=== Provided information ===

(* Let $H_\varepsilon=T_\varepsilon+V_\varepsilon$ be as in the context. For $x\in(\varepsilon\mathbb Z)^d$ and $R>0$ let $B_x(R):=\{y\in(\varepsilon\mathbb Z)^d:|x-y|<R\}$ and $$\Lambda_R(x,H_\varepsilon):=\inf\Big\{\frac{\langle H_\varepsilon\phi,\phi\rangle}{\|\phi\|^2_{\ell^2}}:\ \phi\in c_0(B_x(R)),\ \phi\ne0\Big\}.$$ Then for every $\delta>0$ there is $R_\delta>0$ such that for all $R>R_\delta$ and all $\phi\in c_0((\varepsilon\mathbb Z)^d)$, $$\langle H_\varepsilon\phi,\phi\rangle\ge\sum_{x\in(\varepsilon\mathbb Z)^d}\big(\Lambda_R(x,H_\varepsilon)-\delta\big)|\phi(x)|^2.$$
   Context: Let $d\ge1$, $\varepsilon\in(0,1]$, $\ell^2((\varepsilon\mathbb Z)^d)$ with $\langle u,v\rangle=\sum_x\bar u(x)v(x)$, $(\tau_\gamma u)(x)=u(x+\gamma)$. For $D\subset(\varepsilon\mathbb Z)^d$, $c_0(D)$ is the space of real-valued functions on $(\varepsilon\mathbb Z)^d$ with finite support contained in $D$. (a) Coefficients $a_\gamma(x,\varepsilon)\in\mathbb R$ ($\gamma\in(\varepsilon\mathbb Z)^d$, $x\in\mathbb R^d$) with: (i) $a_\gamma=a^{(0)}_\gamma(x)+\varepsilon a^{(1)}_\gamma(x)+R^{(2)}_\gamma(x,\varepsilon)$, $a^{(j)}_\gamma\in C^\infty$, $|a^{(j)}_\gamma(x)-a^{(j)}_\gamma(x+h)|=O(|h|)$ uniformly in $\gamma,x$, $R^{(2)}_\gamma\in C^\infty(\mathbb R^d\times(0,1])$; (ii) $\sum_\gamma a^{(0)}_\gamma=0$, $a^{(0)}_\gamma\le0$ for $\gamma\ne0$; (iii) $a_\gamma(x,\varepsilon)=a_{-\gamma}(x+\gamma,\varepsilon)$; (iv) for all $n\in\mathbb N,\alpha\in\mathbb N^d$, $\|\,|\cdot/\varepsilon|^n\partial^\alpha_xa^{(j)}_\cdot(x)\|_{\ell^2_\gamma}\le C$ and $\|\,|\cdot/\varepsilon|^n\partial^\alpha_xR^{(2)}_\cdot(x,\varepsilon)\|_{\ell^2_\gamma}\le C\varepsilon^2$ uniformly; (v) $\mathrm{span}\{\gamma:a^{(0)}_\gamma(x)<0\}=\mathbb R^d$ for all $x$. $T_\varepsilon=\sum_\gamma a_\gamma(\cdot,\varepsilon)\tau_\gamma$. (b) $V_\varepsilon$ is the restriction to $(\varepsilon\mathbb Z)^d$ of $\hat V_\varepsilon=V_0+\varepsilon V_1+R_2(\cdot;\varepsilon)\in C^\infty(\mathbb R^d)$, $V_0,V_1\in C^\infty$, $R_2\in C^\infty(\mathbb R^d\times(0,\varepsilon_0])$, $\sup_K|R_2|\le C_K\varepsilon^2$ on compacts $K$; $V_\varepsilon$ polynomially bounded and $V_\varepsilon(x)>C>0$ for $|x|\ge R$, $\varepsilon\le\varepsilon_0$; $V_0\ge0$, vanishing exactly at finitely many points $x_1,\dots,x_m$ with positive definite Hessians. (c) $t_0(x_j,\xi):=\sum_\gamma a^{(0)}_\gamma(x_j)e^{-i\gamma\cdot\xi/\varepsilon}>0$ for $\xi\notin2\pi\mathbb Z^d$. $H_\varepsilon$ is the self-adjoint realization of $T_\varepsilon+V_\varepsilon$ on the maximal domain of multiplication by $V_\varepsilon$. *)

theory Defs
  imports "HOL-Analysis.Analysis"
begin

===

Problem description
Your answer must be an exact copy of every record.

Solved exercise
(* Let $H_\varepsilon=T_\varepsilon+V_\varepsilon$ be as in the context. For $x\in(\varepsilon\mathbb Z)^d$ and $R>0$ let $B_x(R):=\{y\in(\varepsilon\mathbb Z)^d:|x-y|<R\}$ and $$\Lambda_R(x,H_\varepsilon):=\inf\Big\{\frac{\langle H_\varepsilon\phi,\phi\rangle}{\|\phi\|^2_{\ell^2}}:\ \phi\in c_0(B_x(R)),\ \phi\ne0\Big\}.$$ Then for every $\delta>0$ there is $R_\delta>0$ such that for all $R>R_\delta$ and all $\phi\in c_0((\varepsilon\mathbb Z)^d)$, $$\langle H_\varepsilon\phi,\phi\rangle\ge\sum_{x\in(\varepsilon\mathbb Z)^d}\big(\Lambda_R(x,H_\varepsilon)-\delta\big)|\phi(x)|^2.$$
   Context: Let $d\ge1$, $\varepsilon\in(0,1]$, $\ell^2((\varepsilon\mathbb Z)^d)$ with $\langle u,v\rangle=\sum_x\bar u(x)v(x)$, $(\tau_\gamma u)(x)=u(x+\gamma)$. For $D\subset(\varepsilon\mathbb Z)^d$, $c_0(D)$ is the space of real-valued functions on $(\varepsilon\mathbb Z)^d$ with finite support contained in $D$. (a) Coefficients $a_\gamma(x,\varepsilon)\in\mathbb R$ ($\gamma\in(\varepsilon\mathbb Z)^d$, $x\in\mathbb R^d$) with: (i) $a_\gamma=a^{(0)}_\gamma(x)+\varepsilon a^{(1)}_\gamma(x)+R^{(2)}_\gamma(x,\varepsilon)$, $a^{(j)}_\gamma\in C^\infty$, $|a^{(j)}_\gamma(x)-a^{(j)}_\gamma(x+h)|=O(|h|)$ uniformly in $\gamma,x$, $R^{(2)}_\gamma\in C^\infty(\mathbb R^d\times(0,1])$; (ii) $\sum_\gamma a^{(0)}_\gamma=0$, $a^{(0)}_\gamma\le0$ for $\gamma\ne0$; (iii) $a_\gamma(x,\varepsilon)=a_{-\gamma}(x+\gamma,\varepsilon)$; (iv) for all $n\in\mathbb N,\alpha\in\mathbb N^d$, $\|\,|\cdot/\varepsilon|^n\partial^\alpha_xa^{(j)}_\cdot(x)\|_{\ell^2_\gamma}\le C$ and $\|\,|\cdot/\varepsilon|^n\partial^\alpha_xR^{(2)}_\cdot(x,\varepsilon)\|_{\ell^2_\gamma}\le C\varepsilon^2$ uniformly; (v) $\mathrm{span}\{\gamma:a^{(0)}_\gamma(x)<0\}=\mathbb R^d$ for all $x$. $T_\varepsilon=\sum_\gamma a_\gamma(\cdot,\varepsilon)\tau_\gamma$. (b) $V_\varepsilon$ is the restriction to $(\varepsilon\mathbb Z)^d$ of $\hat V_\varepsilon=V_0+\varepsilon V_1+R_2(\cdot;\varepsilon)\in C^\infty(\mathbb R^d)$, $V_0,V_1\in C^\infty$, $R_2\in C^\infty(\mathbb R^d\times(0,\varepsilon_0])$, $\sup_K|R_2|\le C_K\varepsilon^2$ on compacts $K$; $V_\varepsilon$ polynomially bounded and $V_\varepsilon(x)>C>0$ for $|x|\ge R$, $\varepsilon\le\varepsilon_0$; $V_0\ge0$, vanishing exactly at finitely many points $x_1,\dots,x_m$ with positive definite Hessians. (c) $t_0(x_j,\xi):=\sum_\gamma a^{(0)}_\gamma(x_j)e^{-i\gamma\cdot\xi/\varepsilon}>0$ for $\xi\notin2\pi\mathbb Z^d$. $H_\varepsilon$ is the self-adjoint realization of $T_\varepsilon+V_\varepsilon$ on the maximal domain of multiplication by $V_\varepsilon$. *)

theory Defs
  imports "HOL-Analysis.Analysis"
begin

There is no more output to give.